Lassi Sinkkonen: Pista circolare

Lassi Sinkkonen nasce a Vyborg nel 1937. Esordisce con una serie di raccolte poetiche, la prima nel 1965, intitolata Mattino vagabondo (Harhaileva aamupäivä). Fin dalla gioventù lavora come operaio in vari cantieri e assolve altri lavori manuali che gli forniscono lo sfondo per le sue opere, soprattutto quelle successive in prosa. Come romanziere esordisce nel 1968 con Lo spruzzatore di nebbia (Suimuruisku); importanti sono soprattutto i successivi La canzone di Solveig (Solveigin laulu) del 1970 e Pista circolare (Sirkkelisirkus) del 1975.
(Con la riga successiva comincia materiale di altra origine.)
(* Let $\mathcal X$ be a Polish space with Borel probability measure $\rho$, $a<b$ reals, $T\ge1$, and $\mathcal C\subseteq[a,b]^T$ nonempty compact. Let $\ell:[a,b]\times[a,b]\to\mathbb R$ be SELF with $\ell(y,y')=\langle\psi(y),V\psi(y')\rangle_{\mathcal H}$ and continuous. Let $g_1,\dots,g_T:\mathcal X\to\mathcal H$ be measurable with $\|g_t(x)\|_{\mathcal H}$ bounded almost everywhere, and set $$r(x,c)=\frac1T\sum_{t=1}^T\langle\psi(c_t),Vg_t(x)\rangle_{\mathcal H},\qquad\bar{\mathcal E}(f)=\int_{\mathcal X}r(x,f(x))\,d\rho(x).$$ Then there exist a measurable $f^\circ:\mathcal X\to\mathcal C$ with $f^\circ(x)\in\operatorname*{argmin}_{c\in\mathcal C}r(x,c)$ and a measurable function $m$ with $m(x)=\min_{c\in\mathcal C}r(x,c)$ almost everywhere, such that $$\bar{\mathcal E}(f^\circ)=\int_{\mathcal X}m(x)\,d\rho(x)=\inf_{f:\mathcal X\to\mathcal C}\bar{\mathcal E}(f),$$ the infimum being over measurable $f$.
   Context: Definition (SELF): Let $\mathcal{Y}$ be a compact set. A function $\ell:\mathcal{Y}\times\mathcal{Y}\to\mathbb{R}$ is a Structure Encoding Loss Function (SELF) if there exist a continuous feature map $\psi:\mathcal{Y}\to\mathcal{H}$, with $\mathcal{H}$ a reproducing kernel Hilbert space on $\mathcal{Y}$, and a continuous linear operator $V:\mathcal{H}\to\mathcal{H}$ such that $\ell(y,y')=\langle\psi(y),V\psi(y')\rangle_{\mathcal H}$ for all $y,y'\in\mathcal{Y}$. For $c\in\mathbb R^T$, $c_t$ is its $t$-th coordinate. *)

theory Defs
  imports "HOL-Analysis.Analysis" "HOL-Probability.Probability"
begin

definition rfun :: "(real \<Rightarrow> 'h::real_inner) \<Rightarrow> ('h \<Rightarrow> 'h) \<Rightarrow> ('t::finite \<Rightarrow> 'a \<Rightarrow> 'h)
    \<Rightarrow> 'a \<Rightarrow> real^'t \<Rightarrow> real" where
  "rfun \<psi> V g x c = (1 / real CARD('t)) * (\<Sum>t\<in>UNIV. inner (\<psi> (c $ t)) (V (g t x)))"

definition Ebar :: "'a measure \<Rightarrow> (real \<Rightarrow> 'h::real_inner) \<Rightarrow> ('h \<Rightarrow> 'h) \<Rightarrow> ('t::finite \<Rightarrow> 'a \<Rightarrow> 'h)
    \<Rightarrow> ('a \<Rightarrow> real^'t) \<Rightarrow> real" where
  "Ebar \<rho> \<psi> V g f = (\<integral>x. rfun \<psi> V g x (f x) \<partial>\<rho>)"

end

theory Submission
  imports Defs
begin

text \<open>For each \<open>x\<close>, \<open>r(x, \<cdot>)\<close> is continuous on the compact set \<open>C\<close> and each \<open>r(\<cdot>, c)\<close> is
  measurable. Hence \<open>min\<^sub>c r(x, c)\<close> is measurable (it is an infimum over a countable dense subset
  of \<open>C\<close>) and attained. A measurable minimiser is the limit of centres taken from a dense sequence:
  at stage \<open>k\<close> pick the least index whose point lies within \<open>2\<^sup>-\<^sup>k\<close> of some minimiser and
  close to the previous centre; least-index choices are measurable, and the centres form a Cauchy
  sequence converging to a minimiser. As \<open>r\<close> is bounded almost everywhere, every risk is
  integrable, and integrating \<open>r(x, f x) \<ge> min\<^sub>c r(x, c) = r(x, f\<degree> x)\<close> shows that \<open>f\<degree>\<close> attains the
  infimum of the expected risk.\<close>

lemma INF_closure_eq:
  fixes h :: "'b::metric_space \<Rightarrow> real"
  assumes "compact S" "D \<subseteq> S" "S \<subseteq> closure D" "D \<noteq> {}" "continuous_on S h"
  shows "(INF c\<in>S. h c) = (INF c\<in>D. h c)"
proof (rule antisym)
  have bdd: "bdd_below (h ` S)"
    by (intro bounded_imp_bdd_below compact_imp_bounded compact_continuous_image assms)
  show "(INF c\<in>S. h c) \<le> (INF c\<in>D. h c)"
    by (rule cINF_superset_mono[OF \<open>D \<noteq> {}\<close> bdd \<open>D \<subseteq> S\<close>]) simp
  have "S \<noteq> {}" using assms(2,4) by blast
  moreover have "(INF c\<in>D. h c) \<le> h c" if "c \<in> S" for c
  proof -
    from that assms(3) obtain s where s: "\<And>n. s n \<in> D" "s \<longlonglongrightarrow> c"
      by (meson closure_sequential subsetD)
    have "(\<lambda>n. h (s n)) \<longlonglongrightarrow> h c"
      using s(1) assms(2)
      by (intro continuous_on_tendsto_compose[OF assms(5) s(2) that] always_eventually) blast
    moreover have "(INF c\<in>D. h c) \<le> h (s n)" for n
      by (rule cINF_lower[OF bdd_below_mono[OF bdd image_mono[OF assms(2)]] s(1)])
    ultimately show ?thesis by (meson LIMSEQ_le_const)
  qed
  ultimately show "(INF c\<in>D. h c) \<le> (INF c\<in>S. h c)"
    by (rule cINF_greatest)
qed

lemma borel_measurable_INF_compact:
  fixes h :: "'a \<Rightarrow> 'b::{metric_space, second_countable_topology} \<Rightarrow> real"
  assumes "compact S" "S \<noteq> {}" "\<And>x. continuous_on S (h x)"
    and "\<And>c. c \<in> S \<Longrightarrow> (\<lambda>x. h x c) \<in> borel_measurable M"
  shows "(\<lambda>x. INF c\<in>S. h x c) \<in> borel_measurable M"
proof -
  obtain D where D: "countable D" "D \<subseteq> S" "S \<subseteq> closure D" using separable by blast
  with assms(2) have "D \<noteq> {}" by auto
  with D assms(1,3) have "(\<lambda>x. INF c\<in>S. h x c) = (\<lambda>x. INF c\<in>D. h x c)"
    by (intro ext INF_closure_eq)
  also have "\<dots> \<in> borel_measurable M"
    using D assms(4) by (intro borel_measurable_cINF_real) auto
  finally show ?thesis .
qed

lemma convergent_if_summable_dist_Suc:
  fixes X :: "nat \<Rightarrow> 'b::banach"
  assumes "summable (\<lambda>k. dist (X (Suc k)) (X k))"
  shows "convergent X"
proof -
  have "summable (\<lambda>k. X (Suc k) - X k)"
    using assms by (intro summable_norm_cancel[of "\<lambda>k. X (Suc k) - X k"]) (simp add: dist_norm)
  then have "(\<lambda>k. X 0 + (\<Sum>j<k. X (Suc j) - X j)) \<longlonglongrightarrow> X 0 + (\<Sum>j. X (Suc j) - X j)"
    by (intro tendsto_add tendsto_const summable_LIMSEQ)
  then show ?thesis
    unfolding sum_lessThan_telescope by (auto simp: convergent_def)
qed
Quest’ultimo è un romanzo di tono autobiografico, ambientato negli anni ’20 e ’30 del secolo scorso, all’indomani della guerra civile, che lasciò ferite profonde nella società finlandese. La miseria e l’ingiustizia sociale lasciano tracce evidenti anche nel destino del piccolo Mitja Sikow, voce narrante e protagonista del romanzo. Il racconto mescola fatti reali a visioni dovute alla malattia nella quale cade in preda il ragazzo, oltre ai maltrattamenti subito dal padre alcolizzato.

La sua narrazione febbrile conserva una sua logica e continuità, cui non manca un fondo poetico, ad enfatizzare gli esordi dell’autore.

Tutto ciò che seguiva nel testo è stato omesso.